Obama’s one-time tax on those earnings, combined with a 19 percent rate on foreign earnings in the future, would raise more than half a billion dollars, most of which would be used for spending on roads, bridges, ports and other infrastructure.

Yet the president’s tax proposals, the broad outlines of which were previewed in the State of the Union and leaked in the days leading up to the budget release, already earned criticism from Republicans hoping to use their unified control of Congress to set an agenda more focused on lowering taxes and shrinking the impact of federal regulations.

“Today President Obama laid out a plan for more taxes, more spending, and more of the Washington gridlock that has failed middle-class families,” said House Speaker John Boehner in a response to the budget submission.

Boehner faulted the Obama budget for not balancing, and said that Republicans “will address our government’s spending problem and protect our national security. Our budget will balance, and it will help promote job creation and higher wages, not more government bureaucracy.”

Rep.
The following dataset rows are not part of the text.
(* Let $X$ have finite second moment and characteristic function $f(t)={\bf E}e^{itX}$ with $$\int_{-\infty}^{+\infty}|t|\big(|f(t)|+|f'(t)|+|f''(t)|\big)\,dt<+\infty.$$ Then $X$ has a continuously differentiable density $p$ with finite total variation $$\|p\|_{TV}=\int|p'(x)|\,dx\le\frac12\int_{-\infty}^{+\infty}\big(|tf''(t)|+2|f'(t)|+|tf(t)|\big)\,dt.$$ *)

theory Defs
  imports "HOL-Probability.Probability"
begin

end

theory Submission
  imports Defs
begin

text \<open>
  Let \<open>\<mu>\<close> be the distribution of \<open>X\<close> and \<open>f\<close> its characteristic function.  A finite second
  moment makes \<open>f\<close> twice continuously differentiable, with \<open>f'(t) = \<integral> \<i>x exp(\<i>tx) d\<mu>\<close> and
  \<open>f''(t) = \<integral> (\<i>x)\<^sup>2 exp(\<i>tx) d\<mu>\<close>; since these are bounded, the hypothesis makes \<open>f\<close>, \<open>f'\<close>,
  \<open>t f\<close>, \<open>t f'\<close> and \<open>t f''\<close> integrable.  Then:
    \<^item> by Levy's inversion theorem and Fubini, \<open>p(x) = Re (\<integral> f(t) exp(-\<i>xt) dt) / 2\<pi>\<close> is a
      continuous density of \<open>\<mu>\<close>;
    \<^item> differentiating under the integral, \<open>p'(x) = Re (\<integral> -\<i>t f(t) exp(-\<i>xt) dt) / 2\<pi>\<close>;
    \<^item> integrating by parts twice, \<open>x\<^sup>2 \<integral> t f(t) exp(-\<i>xt) dt = -\<integral> (2 f' + t f'') exp(-\<i>xt) dt\<close>,
      so \<open>(1 + x\<^sup>2) |p'(x)| \<le> (A + B) / 2\<pi>\<close> with \<open>A = \<integral> |t f|\<close> and \<open>B = \<integral> 2|f'| + |t f''|\<close>;
      as \<open>\<integral> dx / (1 + x\<^sup>2) = \<pi>\<close>, this gives \<open>\<integral> |p'| \<le> (A + B) / 2\<close>.
\<close>

lemma tendsto_at_integral_norm_dominated:
  fixes r :: "real \<Rightarrow> 'b \<Rightarrow> 'c::{banach, second_countable_topology}"
  assumes w: "integrable N w" and meas: "\<And>u. r u \<in> borel_measurable N"
    and bound: "\<And>u y. y \<in> space N \<Longrightarrow> norm (r u y) \<le> w y"
    and lim: "\<And>y. y \<in> space N \<Longrightarrow> ((\<lambda>u. r u y) \<longlongrightarrow> 0) (at c)"
  shows "((\<lambda>u. \<integral>y. norm (r u y) \<partial>N) \<longlongrightarrow> 0) (at c)"
proof (subst tendsto_at_iff_sequentially, intro allI impI)
  fix U :: "nat \<Rightarrow> real" assume U: "\<forall>i. U i \<in> UNIV - {c}" "U \<longlonglongrightarrow> c"
  then have U_at: "filterlim U (at c) sequentially"
    by (auto simp: filterlim_at)
  have "(\<lambda>i. \<integral>y. norm (r (U i) y) \<partial>N) \<longlonglongrightarrow> (\<integral>y. 0 \<partial>N)"
  proof (rule integral_dominated_convergence[where w=w])
    show "AE y in N. (\<lambda>i. norm (r (U i) y)) \<longlonglongrightarrow> 0"
      using lim by (auto intro!: AE_I2 tendsto_norm_zero filterlim_compose[OF _ U_at])
    show "AE y in N. norm (norm (r (U i) y)) \<le> w y" for i
      using bound by (auto intro!: AE_I2)
  qed (use w meas in auto)
  then show "((\<lambda>u. \<integral>y. norm (r u y) \<partial>N) \<circ> U) \<longlonglongrightarrow> 0" by (simp add: o_def)
qed

lemma norm_of_real_diff: "cmod (complex_of_real u - complex_of_real s) = \<bar>u - s\<bar>"
  by (metis norm_of_real of_real_diff)

lemma norm_iexp_minus_one_le: "cmod (iexp v - 1) \<le> 2"
  using norm_triangle_ineq4[of "iexp v" 1] by (simp add: norm_exp_i_times)

lemma norm_iexp_taylor1_le_square: "cmod (iexp v - 1 - \<i> * v) \<le> v\<^sup>2 / 2"
  using iexp_approx1[of v 1] by (simp add: power2_eq_square algebra_simps)

lemma norm_iexp_taylor1_le_abs: "cmod (iexp v - 1 - \<i> * v) \<le> 2 * \<bar>v\<bar>"
  using iexp_approx2[of v 1] by (simp add: algebra_simps)

lemma norm_iexp_difference_quotient_le:
  fixes c d :: real
  shows "cmod (iexp (d * c) - 1 - \<i> * (d * c)) / \<bar>d\<bar> \<le> 2 * \<bar>c\<bar>"
    and "cmod (iexp (d * c) - 1 - \<i> * (d * c)) / \<bar>d\<bar> \<le> c\<^sup>2 / 2 * \<bar>d\<bar>"
proof -
  have "cmod (iexp (d * c) - 1 - \<i> * (d * c)) / \<bar>d\<bar> \<le> 2 * \<bar>d * c\<bar> / \<bar>d\<bar>"
    by (intro divide_right_mono norm_iexp_taylor1_le_abs) simp
  then show "cmod (iexp (d * c) - 1 - \<i> * (d * c)) / \<bar>d\<bar> \<le> 2 * \<bar>c\<bar>"
    by (cases "d = 0") (simp_all add: abs_mult)
  have "cmod (iexp (d * c) - 1 - \<i> * (d * c)) / \<bar>d\<bar> \<le> (d * c)\<^sup>2 / 2 / \<bar>d\<bar>"
    by (intro divide_right_mono norm_iexp_taylor1_le_square) simp
  then show "cmod (iexp (d * c) - 1 - \<i> * (d * c)) / \<bar>d\<bar> \<le> c\<^sup>2 / 2 * \<bar>d\<bar>"
    by (cases "d = 0") (simp_all add: power2_eq_square abs_mult_self_eq field_simps)
qed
Paul Ryan, R-Wis., the head of the House’s tax-writing committee, called the budget’s tax provisions “envy economics” on Meet the Press on Sunday.

“This top-down redistribution doesn’t work,” Ryan said, previewing the rhetoric Republicans are likely to use in opposing Obama’s proposal.

The president’s budget is not legislation but instead a series of proposals and requested budget spending levels for government agencies.

Congress has an April 15 deadline to produce its own budget resolution, which is an agreement between the House and Senate on spending levels.

Senate Budget Committee Chairman Mike Enzi, R-Wyo., said in a preview of his budget plans that he aims to finish writing the budget before the deadline and that Republicans will try “to balance the budget in a 10-year period and we hope to do it without using gimmicks or bad accounting.” A particular focus would be cutting annual deficits in the first years of the 10-year budget window, Enzi said, instead of delaying cuts for later years in which they could be reversed before they took effect.

Later this week, top administration officials, including Treasury Secretary Jack Lew, will appear before Congress to testify on the budget.